To stop further pathological changes in the tissues of the lungs, it is necessary first of all to restore the patency of the bronchi.

Pneumosclerosis

Pneumosclerosis is one of the most severe residual changes of pulmonary tuberculosis. As a rule, it develops with advanced atelectasis: ventilation of the segment of the affected lung is impaired, as a result of which the lung tissue is replaced by connective tissue. Pneumosclerosis is often discovered after surgery on the lungs, scarring of the affected tissue.

Pneumosclerosis manifests itself with the same symptoms as atelectasis. The most important thing with such a complication is to prevent secondary infection, the formation of “honeycomb lung” or heart failure.

Fistulas

Fistulas as a complication of severe tuberculosis can be bronchial or thoracic. A fistula is a pathological channel connecting several points of the respiratory organs. How clearly a fistula will manifest itself clinically depends on its diameter and anatomical location.

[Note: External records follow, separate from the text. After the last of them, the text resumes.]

(* Let $G(\mathcal V,\mathcal E)$ be a finite simple directed graph with $|\mathcal V|\ge 2$ and let $f>0$ be an integer. Suppose that for every partition $X,Y,Z$ of $\mathcal V$ with $X,Y$ non-empty and $|Z|\le f$, either $X \Rightarrow_{\mathcal V - Z} Y$ or $Y \Rightarrow_{\mathcal V - Z} X$. Let $F\subseteq\mathcal V$ with $|F|\le f$, and let $A,B$ be a partition of $\mathcal V-F$ into non-empty sets with $A \Rightarrow_{\mathcal V - F} B$. Then: (1) if it is not the case that $B \Rightarrow_{\mathcal V - F} A$, there exists a non-empty set $S\subseteq A$ such that $S \Rightarrow_{\mathcal V - F} \mathcal V-F-S$ and $S$ is strongly connected in $G_{-F}$; (2) if $B \Rightarrow_{\mathcal V - F} A$, there exists a non-empty set $S\subseteq A\cup B$ such that $S \Rightarrow_{\mathcal V - F} \mathcal V-F-S$, $S$ is strongly connected in $G_{-F}$, and $A \Rightarrow_{\mathcal V - F} S-A$; (3) every node of $F$ has at least $f+1$ incoming neighbors in $\mathcal V-F$.
   Context: An $(X,y)$-path is a directed path from some node of $X$ to the node $y\notin X$; it excludes $F$ if it contains no node of $F$; $(X,y)$-paths are disjoint if they pairwise share only $y$. For pairwise disjoint $X,Y,F\subseteq\mathcal V$ with $|F|\le f$, $X \Rightarrow_{\mathcal V - F} Y$ means: $Y=\emptyset$, or every $y\in Y$ has at least $f+1$ pairwise disjoint $(X,y)$-paths excluding $F$. $G_{-F}$ is the graph obtained from $G$ by deleting the nodes of $F$ and all edges incident to them. A set $S\subseteq\mathcal V-F$ is strongly connected in $G_{-F}$ if for all $i,j\in S$ there is a directed $(i,j)$-path in $G_{-F}$. A node $i$ is an incoming neighbor of $k$ if $(i,k)\in\mathcal E$. *)

theory Defs
  imports Main
begin

definition dpath :: "('a \<times> 'a) set \<Rightarrow> 'a list \<Rightarrow> 'a \<Rightarrow> 'a \<Rightarrow> bool" where
  "dpath E p x y \<longleftrightarrow> p \<noteq> [] \<and> hd p = x \<and> last p = y \<and> distinct p \<and>
     (\<forall>i. Suc i < length p \<longrightarrow> (p ! i, p ! Suc i) \<in> E)"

The presence and severity also plays a role inflammatory processes in the pleura, as well as the “age” of the fistula. Often such complications develop after surgery on the bronchi or lungs. Bronchopleural fistulas may not manifest themselves at all, or may make themselves felt only from time to time with bouts of dry cough with the release of a small amount of sputum.

Pneumothorax

This complication is considered more dangerous than the others, but it does not develop as often. It is usually caused by other respiratory diseases, in which the pleura, the inner lining of the lungs, becomes inflamed. is formed when the integrity of the pleura is violated, resulting in communication with the respiratory tract. Pneumothorax can be recognized by the following signs:

1. Sharp chest pain, preceded by sneezing, laughing, coughing, especially severe.
2. Dyspnea.
3. Attacks of weakness, cold sweat, rapid pulse, pale face.
4. Falling blood pressure, difficulty breathing.

Treatment of pneumothorax is carried out in a hospital setting; a delay in diagnosis and proper therapy can lead to the death of the patient.